If you have type 2 diabetes, regular exercise can help you manage your blood sugar levels and weight. It can also help you reduce your risk of heart attack and stroke, reduce cardiovascular risk factors, and promote overall health and well-being.
Exercise can also help prevent diabetes in people with prediabetes. The benefits of exercise don’t always have to do with weight loss. However, the exercise program must be followed consistently to see lasting results.
If you're sedentary and considering starting an exercise program, it's best to check with your doctor first to make sure there aren't any restrictions or special precautions.
It's always a good idea to start gradually and work your way toward your personal goals. Don't know where to start? Here are 5 exercises to help you reach your fitness goals.
1. Walking
You don't need a gym membership or expensive exercise equipment to start exercising. You can begin walking today if you have a supportive pair of shoes and a safe place to walk.
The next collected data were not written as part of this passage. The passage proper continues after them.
lemma nontrivial_family_proper_below_family:
  assumes "nontrivial_family F"
  shows "nontrivial_family (proper_below F ` F)"
  by (rule nontrivial_family_image[OF assms])
    (simp_all add: proper_below_subset_iff[OF assms] Union_proper_below[OF assms])

lemma poset_iso_proper_below_family:
  assumes "nontrivial_family F"
  shows "poset_iso (int_lattice F) (int_lattice (proper_below F ` F))"
  unfolding int_lattice_proper_below_family[OF assms]
  by (rule poset_iso_image) (simp add: proper_below_subset_iff[OF assms])

lemma inj_on_image_subset_iff:
  assumes "inj_on f C" and "A \<subseteq> C" and "B \<subseteq> C"
  shows "f ` A \<subseteq> f ` B \<longleftrightarrow> A \<subseteq> B"
  using inj_on_image_mem_iff[OF assms(1) _ assms(3)] assms(2) by blast

lemma image_Inter_relabel:
  assumes "inj_on f (\<Union>F)" and "T \<subseteq> F" and "T \<noteq> {}"
  shows "f ` \<Inter>T = \<Inter>((`) f ` T)"
  using image_INT[of f "\<Union>F" T "\<lambda>X. X"] assms by auto

lemma int_lattice_relabel:
  assumes "inj_on f (\<Union>F)"
  shows "int_lattice ((`) f ` F) = (`) f ` int_lattice F"
  by (rule int_lattice_image) (simp_all add: image_Inter_relabel[OF assms] image_Union)

lemma nontrivial_family_relabel:
  assumes "nontrivial_family F" and "inj_on f (\<Union>F)"
  shows "nontrivial_family ((`) f ` F)"
  by (rule nontrivial_family_image[OF assms(1)])
    (auto simp: inj_on_image_subset_iff[OF assms(2)] int_lattice_subset_Union)

lemma poset_iso_relabel:
  assumes "inj_on f (\<Union>F)"
  shows "poset_iso (int_lattice F) (int_lattice ((`) f ` F))"
  unfolding int_lattice_relabel[OF assms]
  by (rule poset_iso_image) (simp add: inj_on_image_subset_iff[OF assms] int_lattice_subset_Union)

lemma min_L_relabel:
  assumes "inj_on f (\<Union>F)" and "x \<in> \<Union>F"
  shows "min_L ((`) f ` F) (f x) = f ` min_L F x"
proof -
  have "f x \<in> f ` X \<longleftrightarrow> x \<in> X" if "X \<in> F" for X
    using inj_on_image_mem_iff[OF assms] that by blast
  then have "{Y \<in> (`) f ` F. f x \<in> Y} = (`) f ` {X \<in> F. x \<in> X}"
    by auto
  moreover have "S_of ((`) f ` F) ((`) f ` {X \<in> F. x \<in> X}) = f ` S_of F {X \<in> F. x \<in> X}"
    by (rule S_of_image) (simp_all add: image_Inter_relabel[OF assms(1)] image_Union)
  ultimately show ?thesis
    unfolding min_L_def by simp
qed

lemma tight_family_relabel:
  assumes "tight_family F" and inj: "inj_on f (\<Union>F)"
  shows "tight_family ((`) f ` F)"
  unfolding tight_family_def
proof (intro ballI impI)
  let ?G = "(`) f ` F"
  have image_eq_iff: "f ` U = f ` V \<longleftrightarrow> U = V" if "U \<in> int_lattice F" "V \<in> int_lattice F" for U V
    using inj_on_image_eq_iff[OF inj int_lattice_subset_Union int_lattice_subset_Union] that .
  fix U' assume "U' \<in> int_lattice ?G" and U'_proper: "U' \<noteq> \<Union>?G"
  then obtain U where U: "U \<in> int_lattice F" "U' = f ` U"
    unfolding int_lattice_relabel[OF inj] by blast
  have "U \<noteq> \<Union>F"
    using U(2) U'_proper image_Union[of f F] by metis
  then have unique: "\<exists>!x. x \<in> \<Union>F \<and> min_L F x = U"
    using assms(1) U(1) unfolding tight_family_def by simp
  then obtain x where x: "x \<in> \<Union>F" "min_L F x = U" by blast
  show "\<exists>!z. z \<in> \<Union>?G \<and> min_L ?G z = U'"
  proof (rule ex1I[of _ "f x"])
    show "f x \<in> \<Union>?G \<and> min_L ?G (f x) = U'"
      using x U min_L_relabel[OF inj] by auto
  next
    fix z assume z: "z \<in> \<Union>?G \<and> min_L ?G z = U'"
    then obtain y where y: "y \<in> \<Union>F" "z = f y" by auto
    then have "f ` min_L F y = f ` U"
      using z U min_L_relabel[OF inj] by simp
    then have "min_L F y = U"
      using image_eq_iff[OF min_L_in_int_lattice U(1)] by blast
    then show "z = f x"
      using unique x y by blast
  qed
qed

theorem lemma4p3:
  fixes L :: "'a set set"
  assumes "is_intersection_lattice L"
  shows "\<exists>L' :: nat set set. is_tight_intersection_lattice L' \<and> poset_iso L L'"
proof -
  obtain F where F: "nontrivial_family F" and L: "L = int_lattice F"
    using assms by (auto simp: is_intersection_lattice_def)
  let ?G = "proper_below F ` F"
  have "\<Union>?G \<subseteq> int_lattice F"
    unfolding Union_proper_below[OF F] proper_below_Union by blast
  moreover have "finite (int_lattice F)"
    using F by (simp add: nontrivial_family_def finite_int_lattice)
  ultimately have "finite (\<Union>?G)"
    by (rule finite_subset)
  then obtain f :: "'a set \<Rightarrow> nat" where f: "inj_on f (\<Union>?G)"
    by (metis finite_imp_inj_to_nat_seg)
  define H where "H = (`) f ` ?G"
  have "nontrivial_family H"
    unfolding H_def using nontrivial_family_proper_below_family[OF F] f by (rule nontrivial_family_relabel)
  moreover have "tight_family H"
    unfolding H_def using tight_family_proper_below_family[OF F] f by (rule tight_family_relabel)
  ultimately have "is_tight_intersection_lattice (int_lattice H)"
    unfolding is_tight_intersection_lattice_def by blast
  moreover have "poset_iso L (int_lattice H)"
    unfolding L H_def using poset_iso_proper_below_family[OF F] poset_iso_relabel[OF f] by (rule poset_iso_trans)
  ultimately show ?thesis by blast
qed

end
You can reach your recommended minimum goal of aerobic fitness by walking briskly for 30 minutes 5 days a week. Walking helps people with type 2 diabetes lower blood pressure, HbA1c levels, and body mass index.
2. Cycling
Nearly half of the people with type 2 diabetes have arthritis. The 2 conditions share several risk factors, including obesity. Diabetic neuropathy, which occurs when nerves are damaged, can cause joint pain in people with type 2 diabetes, too.
If you have low-level joint pain, consider opting for low-impact exercise. For example, cycling can help you achieve your fitness goals while minimizing common stress.
3. Swimming
Watersports offer another joint-friendly exercise option. For example, swimming, water aerobics, water jogging, and other water-based activities work your heart, lungs, and muscles while putting little stress on your joints. Water exercise can help lower blood sugar levels, just like land-based exercise.
4. Team sports
If you find it difficult to motivate yourself to exercise, joining a recreational sports team might be able to help. The chance to mingle with teammates and your commitment to them may help you find the motivation you need to show up each week.
Many recreational sports provide a good aerobic workout. You can consider trying basketball, soccer, softball, doubles tennis, or ultimate Frisbee.
5. Weightlifting
Lifting weights and other strengthening activities help build muscle mass, which increases the number of calories you burn each day. Strength training may also help improve your blood sugar control.
If you want to incorporate weightlifting into your weekly exercise plan, you can use free weights, free weights, or even heavy household items like canned food or water bottles.
In general, regular exercise can lower blood sugar over time. Activities, such as light walking, cycling, and other low-impact exercises, may help. A combination of diet and exercise can reverse diabetes in some people.
Individuals with early diabetes who had followed a highly regulated 1-year intensive lifestyle, including a low-calorie diet and regular exercise, no longer met the criteria for diabetes.